# RECORD SET:

--------------------

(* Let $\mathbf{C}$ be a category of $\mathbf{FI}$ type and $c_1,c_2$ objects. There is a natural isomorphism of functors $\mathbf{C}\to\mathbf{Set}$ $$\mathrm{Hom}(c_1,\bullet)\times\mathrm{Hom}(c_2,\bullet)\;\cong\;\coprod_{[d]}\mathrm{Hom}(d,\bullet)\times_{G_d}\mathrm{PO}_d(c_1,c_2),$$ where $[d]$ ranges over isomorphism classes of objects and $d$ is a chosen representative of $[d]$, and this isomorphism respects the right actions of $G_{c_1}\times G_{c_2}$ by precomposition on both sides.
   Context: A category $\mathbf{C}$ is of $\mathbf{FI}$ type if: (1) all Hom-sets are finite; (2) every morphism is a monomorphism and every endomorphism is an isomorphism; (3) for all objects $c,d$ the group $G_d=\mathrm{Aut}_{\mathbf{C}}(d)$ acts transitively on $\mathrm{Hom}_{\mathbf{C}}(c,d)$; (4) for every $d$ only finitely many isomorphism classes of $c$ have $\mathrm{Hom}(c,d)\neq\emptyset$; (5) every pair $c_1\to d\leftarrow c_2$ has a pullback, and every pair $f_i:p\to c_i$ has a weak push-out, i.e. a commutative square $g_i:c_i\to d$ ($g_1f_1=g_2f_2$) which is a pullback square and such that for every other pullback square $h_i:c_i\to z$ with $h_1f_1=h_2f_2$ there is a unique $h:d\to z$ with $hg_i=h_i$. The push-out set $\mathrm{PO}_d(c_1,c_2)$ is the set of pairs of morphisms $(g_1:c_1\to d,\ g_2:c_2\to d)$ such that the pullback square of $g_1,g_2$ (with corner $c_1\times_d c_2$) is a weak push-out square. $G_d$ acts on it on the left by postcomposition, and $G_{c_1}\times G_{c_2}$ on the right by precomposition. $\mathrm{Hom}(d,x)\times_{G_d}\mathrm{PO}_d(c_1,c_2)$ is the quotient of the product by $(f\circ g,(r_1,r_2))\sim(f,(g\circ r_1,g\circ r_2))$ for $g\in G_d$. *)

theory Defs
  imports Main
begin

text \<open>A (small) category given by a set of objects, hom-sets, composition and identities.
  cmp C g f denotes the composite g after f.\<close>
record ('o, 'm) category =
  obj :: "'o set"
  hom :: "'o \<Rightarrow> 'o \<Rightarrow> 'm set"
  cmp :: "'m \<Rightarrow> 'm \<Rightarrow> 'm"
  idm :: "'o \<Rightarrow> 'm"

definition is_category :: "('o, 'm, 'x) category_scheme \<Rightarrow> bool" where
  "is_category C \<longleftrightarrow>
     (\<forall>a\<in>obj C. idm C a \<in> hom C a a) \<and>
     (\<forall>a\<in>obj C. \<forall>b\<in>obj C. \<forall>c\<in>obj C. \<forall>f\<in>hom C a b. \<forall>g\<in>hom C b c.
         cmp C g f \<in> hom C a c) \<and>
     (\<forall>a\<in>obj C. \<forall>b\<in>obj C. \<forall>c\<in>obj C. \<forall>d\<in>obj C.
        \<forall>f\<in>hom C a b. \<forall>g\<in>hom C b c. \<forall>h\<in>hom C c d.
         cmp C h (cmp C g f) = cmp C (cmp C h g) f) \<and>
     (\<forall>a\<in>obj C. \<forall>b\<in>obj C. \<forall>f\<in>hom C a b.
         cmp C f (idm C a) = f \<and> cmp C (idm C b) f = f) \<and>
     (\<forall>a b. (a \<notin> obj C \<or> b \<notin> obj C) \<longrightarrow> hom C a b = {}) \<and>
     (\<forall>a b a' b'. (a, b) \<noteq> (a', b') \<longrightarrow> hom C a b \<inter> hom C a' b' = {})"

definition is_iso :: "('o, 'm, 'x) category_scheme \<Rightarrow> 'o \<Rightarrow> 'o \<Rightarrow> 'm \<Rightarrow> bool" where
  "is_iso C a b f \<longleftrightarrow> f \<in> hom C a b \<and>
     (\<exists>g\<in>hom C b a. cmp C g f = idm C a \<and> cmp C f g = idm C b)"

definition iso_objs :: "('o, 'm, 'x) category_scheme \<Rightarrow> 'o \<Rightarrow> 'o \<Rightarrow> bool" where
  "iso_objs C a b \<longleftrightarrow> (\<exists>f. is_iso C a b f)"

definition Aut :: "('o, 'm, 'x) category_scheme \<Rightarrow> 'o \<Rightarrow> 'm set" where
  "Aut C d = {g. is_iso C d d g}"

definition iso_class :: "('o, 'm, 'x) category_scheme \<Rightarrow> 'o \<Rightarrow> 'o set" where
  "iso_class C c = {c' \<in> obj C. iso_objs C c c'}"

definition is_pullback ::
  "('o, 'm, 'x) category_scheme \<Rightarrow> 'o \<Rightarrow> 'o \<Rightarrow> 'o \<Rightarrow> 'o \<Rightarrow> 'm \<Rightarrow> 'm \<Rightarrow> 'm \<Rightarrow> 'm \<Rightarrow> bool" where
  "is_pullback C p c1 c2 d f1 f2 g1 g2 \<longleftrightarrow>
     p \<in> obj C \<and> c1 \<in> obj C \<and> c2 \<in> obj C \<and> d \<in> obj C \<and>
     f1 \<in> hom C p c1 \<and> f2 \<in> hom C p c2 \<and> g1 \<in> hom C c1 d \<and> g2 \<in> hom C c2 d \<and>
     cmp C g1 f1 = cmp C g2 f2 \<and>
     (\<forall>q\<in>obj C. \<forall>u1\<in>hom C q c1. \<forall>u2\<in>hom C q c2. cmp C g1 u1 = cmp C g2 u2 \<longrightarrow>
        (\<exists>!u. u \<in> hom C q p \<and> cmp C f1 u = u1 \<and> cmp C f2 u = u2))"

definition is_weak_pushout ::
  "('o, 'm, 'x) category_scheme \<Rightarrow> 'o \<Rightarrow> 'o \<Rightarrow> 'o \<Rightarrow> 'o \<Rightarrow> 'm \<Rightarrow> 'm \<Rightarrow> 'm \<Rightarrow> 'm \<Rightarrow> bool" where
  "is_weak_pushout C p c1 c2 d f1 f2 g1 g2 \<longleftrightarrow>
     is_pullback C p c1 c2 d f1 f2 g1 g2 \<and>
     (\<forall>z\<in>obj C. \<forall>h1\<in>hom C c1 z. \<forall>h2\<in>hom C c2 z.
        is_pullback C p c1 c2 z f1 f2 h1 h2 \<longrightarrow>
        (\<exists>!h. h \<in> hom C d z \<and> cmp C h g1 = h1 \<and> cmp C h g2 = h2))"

--------------------

# EXERCISE OBJECTIVE:
Copy each entry exactly, leaving every line as it is.

# TASK RESPONSE:
(* Let $\mathbf{C}$ be a category of $\mathbf{FI}$ type and $c_1,c_2$ objects. There is a natural isomorphism of functors $\mathbf{C}\to\mathbf{Set}$ $$\mathrm{Hom}(c_1,\bullet)\times\mathrm{Hom}(c_2,\bullet)\;\cong\;\coprod_{[d]}\mathrm{Hom}(d,\bullet)\times_{G_d}\mathrm{PO}_d(c_1,c_2),$$ where $[d]$ ranges over isomorphism classes of objects and $d$ is a chosen representative of $[d]$, and this isomorphism respects the right actions of $G_{c_1}\times G_{c_2}$ by precomposition on both sides.
   Context: A category $\mathbf{C}$ is of $\mathbf{FI}$ type if: (1) all Hom-sets are finite; (2) every morphism is a monomorphism and every endomorphism is an isomorphism; (3) for all objects $c,d$ the group $G_d=\mathrm{Aut}_{\mathbf{C}}(d)$ acts transitively on $\mathrm{Hom}_{\mathbf{C}}(c,d)$; (4) for every $d$ only finitely many isomorphism classes of $c$ have $\mathrm{Hom}(c,d)\neq\emptyset$; (5) every pair $c_1\to d\leftarrow c_2$ has a pullback, and every pair $f_i:p\to c_i$ has a weak push-out, i.e. a commutative square $g_i:c_i\to d$ ($g_1f_1=g_2f_2$) which is a pullback square and such that for every other pullback square $h_i:c_i\to z$ with $h_1f_1=h_2f_2$ there is a unique $h:d\to z$ with $hg_i=h_i$. The push-out set $\mathrm{PO}_d(c_1,c_2)$ is the set of pairs of morphisms $(g_1:c_1\to d,\ g_2:c_2\to d)$ such that the pullback square of $g_1,g_2$ (with corner $c_1\times_d c_2$) is a weak push-out square. $G_d$ acts on it on the left by postcomposition, and $G_{c_1}\times G_{c_2}$ on the right by precomposition. $\mathrm{Hom}(d,x)\times_{G_d}\mathrm{PO}_d(c_1,c_2)$ is the quotient of the product by $(f\circ g,(r_1,r_2))\sim(f,(g\circ r_1,g\circ r_2))$ for $g\in G_d$. *)

theory Defs
  imports Main
begin

text \<open>A (small) category given by a set of objects, hom-sets, composition and identities.
  cmp C g f denotes the composite g after f.\<close>
record ('o, 'm) category =
  obj :: "'o set"
  hom :: "'o \<Rightarrow> 'o \<Rightarrow> 'm set"
  cmp :: "'m \<Rightarrow> 'm \<Rightarrow> 'm"
  idm :: "'o \<Rightarrow> 'm"

definition is_category :: "('o, 'm, 'x) category_scheme \<Rightarrow> bool" where
  "is_category C \<longleftrightarrow>
     (\<forall>a\<in>obj C. idm C a \<in> hom C a a) \<and>
     (\<forall>a\<in>obj C. \<forall>b\<in>obj C. \<forall>c\<in>obj C. \<forall>f\<in>hom C a b. \<forall>g\<in>hom C b c.
         cmp C g f \<in> hom C a c) \<and>
     (\<forall>a\<in>obj C. \<forall>b\<in>obj C. \<forall>c\<in>obj C. \<forall>d\<in>obj C.
        \<forall>f\<in>hom C a b. \<forall>g\<in>hom C b c. \<forall>h\<in>hom C c d.
         cmp C h (cmp C g f) = cmp C (cmp C h g) f) \<and>
     (\<forall>a\<in>obj C. \<forall>b\<in>obj C. \<forall>f\<in>hom C a b.
         cmp C f (idm C a) = f \<and> cmp C (idm C b) f = f) \<and>
     (\<forall>a b. (a \<notin> obj C \<or> b \<notin> obj C) \<longrightarrow> hom C a b = {}) \<and>
     (\<forall>a b a' b'. (a, b) \<noteq> (a', b') \<longrightarrow> hom C a b \<inter> hom C a' b' = {})"

definition is_iso :: "('o, 'm, 'x) category_scheme \<Rightarrow> 'o \<Rightarrow> 'o \<Rightarrow> 'm \<Rightarrow> bool" where
  "is_iso C a b f \<longleftrightarrow> f \<in> hom C a b \<and>
     (\<exists>g\<in>hom C b a. cmp C g f = idm C a \<and> cmp C f g = idm C b)"

definition iso_objs :: "('o, 'm, 'x) category_scheme \<Rightarrow> 'o \<Rightarrow> 'o \<Rightarrow> bool" where
  "iso_objs C a b \<longleftrightarrow> (\<exists>f. is_iso C a b f)"

definition Aut :: "('o, 'm, 'x) category_scheme \<Rightarrow> 'o \<Rightarrow> 'm set" where
  "Aut C d = {g. is_iso C d d g}"

definition iso_class :: "('o, 'm, 'x) category_scheme \<Rightarrow> 'o \<Rightarrow> 'o set" where
  "iso_class C c = {c' \<in> obj C. iso_objs C c c'}"

definition is_pullback ::
  "('o, 'm, 'x) category_scheme \<Rightarrow> 'o \<Rightarrow> 'o \<Rightarrow> 'o \<Rightarrow> 'o \<Rightarrow> 'm \<Rightarrow> 'm \<Rightarrow> 'm \<Rightarrow> 'm \<Rightarrow> bool" where
  "is_pullback C p c1 c2 d f1 f2 g1 g2 \<longleftrightarrow>
     p \<in> obj C \<and> c1 \<in> obj C \<and> c2 \<in> obj C \<and> d \<in> obj C \<and>
     f1 \<in> hom C p c1 \<and> f2 \<in> hom C p c2 \<and> g1 \<in> hom C c1 d \<and> g2 \<in> hom C c2 d \<and>
     cmp C g1 f1 = cmp C g2 f2 \<and>
     (\<forall>q\<in>obj C. \<forall>u1\<in>hom C q c1. \<forall>u2\<in>hom C q c2. cmp C g1 u1 = cmp C g2 u2 \<longrightarrow>
        (\<exists>!u. u \<in> hom C q p \<and> cmp C f1 u = u1 \<and> cmp C f2 u = u2))"

definition is_weak_pushout ::
  "('o, 'm, 'x) category_scheme \<Rightarrow> 'o \<Rightarrow> 'o \<Rightarrow> 'o \<Rightarrow> 'o \<Rightarrow> 'm \<Rightarrow> 'm \<Rightarrow> 'm \<Rightarrow> 'm \<Rightarrow> bool" where
  "is_weak_pushout C p c1 c2 d f1 f2 g1 g2 \<longleftrightarrow>
     is_pullback C p c1 c2 d f1 f2 g1 g2 \<and>
     (\<forall>z\<in>obj C. \<forall>h1\<in>hom C c1 z. \<forall>h2\<in>hom C c2 z.
        is_pullback C p c1 c2 z f1 f2 h1 h2 \<longrightarrow>
        (\<exists>!h. h \<in> hom C d z \<and> cmp C h g1 = h1 \<and> cmp C h g2 = h2))"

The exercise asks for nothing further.